We visualize the distribution of positive EV bets, highlight the top five bets, and summarize the average, maximum, and minimum EV across all bets. These insights help us interpret how promising the model's recommendations are and which betting opportunities stand out.


In [None]:
import matplotlib.pyplot as plt

# Plot distribution of best EV
plt.figure(figsize=(8, 5))
plt.hist(positive_ev_bets['Best_Bet_EV'], bins=20, edgecolor='k')
plt.title('Distribution of Positive Expected Value (EV) Bets')
plt.xlabel('Expected Value')
plt.ylabel('Number of Bets')
plt.show()

# Show top 5 bets by EV
top_ev_bets = positive_ev_bets.sort_values('Best_Bet_EV', ascending=False).head()
print("Top 5 +EV Bets:")
print(top_ev_bets[['Best_Bet', 'Best_Bet_EV', 'Prob_Home', 'Prob_Draw', 'Prob_Away', 'Home_Odds', 'Draw_Odds', 'Away_Odds']])

# Summary stats
mean_ev = positive_ev_bets['Best_Bet_EV'].mean()
max_ev = positive_ev_bets['Best_Bet_EV'].max()
min_ev = positive_ev_bets['Best_Bet_EV'].min()

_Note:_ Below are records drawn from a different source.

lemma lattice_translates_apart:
  assumes c: "c \<in> DS" and c': "c' \<in> DS"
    and l: "l \<in> tiling_lattice" and l': "l' \<in> tiling_lattice" and "l \<noteq> l'"
  shows "\<exists>i. 1 \<le> \<bar>(to_real c + l)$i - (to_real c' + l')$i\<bar>"
proof (rule ccontr)
  obtain m r where l: "l = lattice_point m r" "int CARD('n) dvd label_sum m"
    using l by (rule tiling_latticeE)
  obtain m' r' where l': "l' = lattice_point m' r'" "int CARD('n) dvd label_sum m'"
    using l' by (rule tiling_latticeE)
  assume "\<not> ?thesis"
  then have near: "\<bar>(to_real c + l)$i - (to_real c' + l')$i\<bar> < 1" for i
    by (simp add: not_le)
  have same_base: "(c + m)$i = (c' + m')$i" if "i \<noteq> vert" for i
    using near[of i] that by (intro int_eq_if_abs_diff_less_1) (simp add: l l' to_real_def lattice_point_nonvert)
  then have "label_sum (c + m) = label_sum (c' + m')" and "height (c + m) = height (c' + m')"
    by (blast intro: label_sum_cong height_cong)+
  then have "label_sum c' - label_sum c = label_sum m - label_sum m'"
    and height_gap: "height m - height m' = height c' - height c"
    by (simp_all add: label_sum_add height_add algebra_simps)
  with l(2) l'(2) have dvd: "int CARD('n) dvd label_sum c' - label_sum c"
    by (simp add: dvd_diff)
  have vert_gap: "(to_real c + l)$vert - (to_real c' + l')$vert
      = of_int (c$vert - c'$vert + 4 * (r - r')) + (height c' - height c)"
    using height_gap by (simp add: l l' to_real_def lattice_point_vert algebra_simps)
  from c c' dvd show False
  proof (cases rule: congruent_DS_cases)
    case same_column
    then have "c$vert - c'$vert + 4 * (r - r') = 0"
      using near[of vert] vert_gap by (intro int_eq_if_abs_diff_less_1) simp
    with same_column have "r = r'"
      by presburger
    moreover have "m$i = m'$i" if "i \<noteq> vert" for i
      using same_base[OF that] same_column that by simp
    ultimately have "l = l'"
      using lattice_point_cong l(1) l'(1) by blast
    with \<open>l \<noteq> l'\<close> show False ..
  next
    case opposite_arms
    then obtain e :: int where "e \<in> {-2, 2}" "height c' - height c = of_int e"
      by force
    then have "c$vert - c'$vert + 4 * (r - r') + e = 0"
      using near[of vert] vert_gap by (intro int_eq_if_abs_diff_less_1) simp
    with opposite_arms(2) \<open>e \<in> {-2, 2}\<close> show False
      unfolding abs_le_iff by auto presburger+
  qed
qed
lemma admissible_negative_rays_span_no_cone:
  fixes v :: "nat \<Rightarrow> real^'d"
  assumes fan: "complete_simplicial_fan n v S" and nef: "nef_Fano n v S"
    and "p \<in> Kcone n v" and "admissible n v (p + vb v 0) 0 b"
  shows "\<not> (\<exists>\<sigma>\<in>S. \<forall>i\<in>{1..n}. b i < 0 \<longrightarrow> v i \<in> cone_of v \<sigma>)"
proof
  assume "\<exists>\<sigma>\<in>S. \<forall>i\<in>{1..n}. b i < 0 \<longrightarrow> v i \<in> cone_of v \<sigma>"
  then obtain \<sigma> where "\<sigma> \<in> S" and neg: "\<forall>i\<in>{1..n}. b i < 0 \<longrightarrow> i \<in> \<sigma>"
    using ray_in_cone_imp_mem[OF fan] by blast
  obtain l :: "real^'d" where l\<sigma>: "\<forall>i\<in>\<sigma>. l \<bullet> v i = 1" and l: "\<forall>i\<in>{1..n}. l \<bullet> v i \<le> 1"
    using nef_Fano_supporting_functional[OF fan nef \<open>\<sigma> \<in> S\<close>] .
  have fst_eq: "(\<Sum>i\<in>{1..n}. of_int (b i) *\<^sub>R v i) = - fst p"
    and snd_eq: "(\<Sum>i\<in>{1..n}. (of_int (b i) :: real)) = - snd p - 1"
    using assms(4) unfolding admissible_iff by (auto simp: vb_def)
  have "(\<Sum>i\<in>{1..n}. of_int (b i) * (l \<bullet> v i)) \<le> (\<Sum>i\<in>{1..n}. (of_int (b i) :: real))"
  proof (rule sum_mono)
    fix i assume i: "i \<in> {1..n}"
    show "of_int (b i) * (l \<bullet> v i) \<le> (of_int (b i) :: real)"
      using neg l\<sigma> l i by (cases "b i < 0") (auto simp: mult_left_le)
  qed
  moreover have "l \<bullet> fst p = - (\<Sum>i\<in>{1..n}. of_int (b i) * (l \<bullet> v i))"
    using arg_cong[OF fst_eq, of "\<lambda>x. l \<bullet> x"] by (simp add: inner_sum_right)
  moreover have "l \<bullet> fst p \<le> snd p"
    using Kcone_inner_le_snd[OF l \<open>p \<in> Kcone n v\<close>] .
  ultimately show False
    using snd_eq by linarith
qed

section \<open>The series \<open>\<Psi>\<close>\<close>

lemma Psi_eq_Phi: "admissible n v p b0 b \<Longrightarrow> Psi n v S p b = Phi n v S b0 b"
  unfolding Psi_def using admissible_unique by (metis the_equality)

lemma Psi_eq_zero: "\<nexists>b0. admissible n v p b0 b \<Longrightarrow> Psi n v S p b = Acls n v S 0 0"
  unfolding Psi_def by simp

lemma Psi_shift_ray:
  assumes j: "j \<in> {1..n}"
  shows "Aact n v S (Dj n j) (Psi n v S p b) = Psi n v S (p + vb v j) (b(j := b j - 1))"
proof (cases "\<exists>b0. admissible n v p b0 b")
  case True
  then obtain b0 where "admissible n v p b0 b" ..
  then show ?thesis
    by (simp add: Psi_eq_Phi admissible_ray_shift[OF j] Phi_shift_ray[OF j])
next
  case False
  then show ?thesis
    by (simp add: Psi_eq_zero admissible_ray_shift[OF j] Aact_zero)
qed

lemma Psi_shift_origin:
  assumes fan: "complete_simplicial_fan n v S" and nef: "nef_Fano n v S" and "p \<in> Kcone n v"
  shows "Aact n v S (Dj n 0) (Psi n v S p b) = Psi n v S (p + vb v 0) b"
proof (cases "\<exists>b0. admissible n v p b0 b")
  case True
  then obtain b0 where adm: "admissible n v p b0 b" ..
  then have "b0 \<le> 0"
    unfolding admissible_def by simp
  with adm have "admissible n v (p + vb v 0) (b0 - 1) b"
    by (simp add: admissible_origin_shift)
  with adm \<open>b0 \<le> 0\<close> show ?thesis
    by (simp add: Psi_eq_Phi Phi_shift_origin)
next
  case False
  have "Psi n v S (p + vb v 0) b = Acls n v S 0 0"
  proof (cases "\<exists>c. admissible n v (p + vb v 0) c b")
    case True
    then obtain c where adm: "admissible n v (p + vb v 0) c b" ..
    have "c = 0"
      using False adm admissible_origin_shift by blast
    with adm have "admissible n v (p + vb v 0) 0 b"
      by simp
    then show ?thesis
      using Phi_eq_zero[OF admissible_negative_rays_span_no_cone[OF fan nef \<open>p \<in> Kcone n v\<close>]]
      by (simp add: Psi_eq_Phi)
  next
    case False
    then show ?thesis
      by (rule Psi_eq_zero)
  qed
  with False show ?thesis
    by (simp add: Psi_eq_zero Aact_zero)
qed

print(f"\nSummary of Positive EV Bets:")
print(f"Average EV: {mean_ev:.3f}")
print(f"Max EV: {max_ev:.3f}")
print(f"Min EV: {min_ev:.3f}")


### Limitations and Future Work

While our project successfully identifies positive expected value (EV) betting opportunities using historical English Premier League data, there are several limitations. 

First, we rely solely on bookmaker odds and historical match outcomes, without incorporating richer features like recent team form, player injuries, or lineup changes. Our models also assume that past betting market inefficiencies will continue into the future, which may not hold true.

Additionally, our sample size is limited to one season, and we only use simple models (logistic regression, random forest). More advanced methods like gradient boosting, ensemble models, or deep learning could potentially improve predictions.

In the future, we aim to incorporate live odds data using APIs, expand the feature set with advanced team and player statistics, and perform longer-term backtests across multiple seasons to better assess strategy robustness.